*** Opening of DATA TO PROCESS ***

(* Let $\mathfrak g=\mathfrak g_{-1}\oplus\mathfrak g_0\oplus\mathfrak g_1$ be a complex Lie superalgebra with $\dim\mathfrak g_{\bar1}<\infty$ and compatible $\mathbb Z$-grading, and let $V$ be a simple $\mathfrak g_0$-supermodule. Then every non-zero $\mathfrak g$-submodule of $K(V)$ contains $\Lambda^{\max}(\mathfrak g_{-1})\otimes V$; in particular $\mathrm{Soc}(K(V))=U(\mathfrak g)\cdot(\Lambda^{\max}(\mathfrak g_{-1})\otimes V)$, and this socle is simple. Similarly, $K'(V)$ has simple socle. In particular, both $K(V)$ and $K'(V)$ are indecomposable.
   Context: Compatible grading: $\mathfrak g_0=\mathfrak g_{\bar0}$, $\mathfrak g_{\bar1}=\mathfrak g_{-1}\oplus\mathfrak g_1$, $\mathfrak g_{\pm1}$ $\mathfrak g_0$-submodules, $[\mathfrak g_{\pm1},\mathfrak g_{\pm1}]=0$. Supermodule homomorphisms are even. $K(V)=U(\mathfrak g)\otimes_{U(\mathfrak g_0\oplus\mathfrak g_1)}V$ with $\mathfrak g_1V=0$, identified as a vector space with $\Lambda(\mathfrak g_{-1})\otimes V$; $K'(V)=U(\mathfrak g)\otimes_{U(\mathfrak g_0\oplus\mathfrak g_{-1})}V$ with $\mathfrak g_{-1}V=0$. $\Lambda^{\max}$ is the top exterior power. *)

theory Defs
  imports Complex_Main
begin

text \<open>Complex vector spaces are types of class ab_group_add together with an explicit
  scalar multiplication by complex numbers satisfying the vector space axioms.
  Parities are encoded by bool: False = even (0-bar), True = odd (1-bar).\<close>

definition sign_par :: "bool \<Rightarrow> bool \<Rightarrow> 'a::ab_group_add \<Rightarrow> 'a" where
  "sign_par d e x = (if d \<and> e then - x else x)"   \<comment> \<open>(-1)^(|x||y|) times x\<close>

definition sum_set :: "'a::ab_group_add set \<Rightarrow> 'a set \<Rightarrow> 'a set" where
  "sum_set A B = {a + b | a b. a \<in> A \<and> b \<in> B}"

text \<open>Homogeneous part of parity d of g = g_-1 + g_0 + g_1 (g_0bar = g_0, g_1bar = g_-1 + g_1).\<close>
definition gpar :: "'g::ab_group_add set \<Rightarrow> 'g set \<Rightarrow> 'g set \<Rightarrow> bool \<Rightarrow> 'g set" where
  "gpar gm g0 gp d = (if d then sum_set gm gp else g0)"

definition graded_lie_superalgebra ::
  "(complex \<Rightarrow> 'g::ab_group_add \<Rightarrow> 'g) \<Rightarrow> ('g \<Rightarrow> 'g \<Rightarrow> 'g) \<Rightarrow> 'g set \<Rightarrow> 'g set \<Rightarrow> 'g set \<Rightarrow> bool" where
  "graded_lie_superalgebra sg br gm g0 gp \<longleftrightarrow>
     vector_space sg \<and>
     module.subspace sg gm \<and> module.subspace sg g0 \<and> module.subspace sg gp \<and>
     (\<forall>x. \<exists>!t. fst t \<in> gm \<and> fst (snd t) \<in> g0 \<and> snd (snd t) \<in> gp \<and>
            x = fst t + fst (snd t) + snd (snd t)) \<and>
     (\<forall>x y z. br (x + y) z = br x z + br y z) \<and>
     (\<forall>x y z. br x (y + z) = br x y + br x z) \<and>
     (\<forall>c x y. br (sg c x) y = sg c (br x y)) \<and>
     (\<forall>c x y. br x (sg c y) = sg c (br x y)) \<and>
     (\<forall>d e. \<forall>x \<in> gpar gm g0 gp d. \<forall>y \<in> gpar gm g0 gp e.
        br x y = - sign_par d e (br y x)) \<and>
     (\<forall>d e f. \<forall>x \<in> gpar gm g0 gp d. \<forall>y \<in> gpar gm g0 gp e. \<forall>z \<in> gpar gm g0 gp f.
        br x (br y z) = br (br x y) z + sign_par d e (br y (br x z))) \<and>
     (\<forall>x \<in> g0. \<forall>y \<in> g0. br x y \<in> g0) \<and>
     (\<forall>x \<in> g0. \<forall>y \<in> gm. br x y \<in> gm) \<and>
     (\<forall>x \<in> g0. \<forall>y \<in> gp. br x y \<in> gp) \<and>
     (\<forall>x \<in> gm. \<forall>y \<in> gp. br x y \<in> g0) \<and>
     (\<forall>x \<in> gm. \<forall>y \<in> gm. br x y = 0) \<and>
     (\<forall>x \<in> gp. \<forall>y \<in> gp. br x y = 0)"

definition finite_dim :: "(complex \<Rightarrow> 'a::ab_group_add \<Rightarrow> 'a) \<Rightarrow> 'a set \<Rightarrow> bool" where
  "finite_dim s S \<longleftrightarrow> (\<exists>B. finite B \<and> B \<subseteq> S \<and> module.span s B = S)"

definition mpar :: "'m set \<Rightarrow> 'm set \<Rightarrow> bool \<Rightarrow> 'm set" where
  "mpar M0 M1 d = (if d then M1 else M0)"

*** Close of DATA TO PROCESS ***

:: YOUR ASSIGNMENT ::
The answer is the line with "(\<forall>x \<in> g0. \<forall>y \<in> gp." plus every line after it, printed exactly as they appear above.

:: ANSWER SPACE ::
     (\<forall>x \<in> g0. \<forall>y \<in> gp. br x y \<in> gp) \<and>
     (\<forall>x \<in> gm. \<forall>y \<in> gp. br x y \<in> g0) \<and>
     (\<forall>x \<in> gm. \<forall>y \<in> gm. br x y = 0) \<and>
     (\<forall>x \<in> gp. \<forall>y \<in> gp. br x y = 0)"

definition finite_dim :: "(complex \<Rightarrow> 'a::ab_group_add \<Rightarrow> 'a) \<Rightarrow> 'a set \<Rightarrow> bool" where
  "finite_dim s S \<longleftrightarrow> (\<exists>B. finite B \<and> B \<subseteq> S \<and> module.span s B = S)"

definition mpar :: "'m set \<Rightarrow> 'm set \<Rightarrow> bool \<Rightarrow> 'm set" where
  "mpar M0 M1 d = (if d then M1 else M0)"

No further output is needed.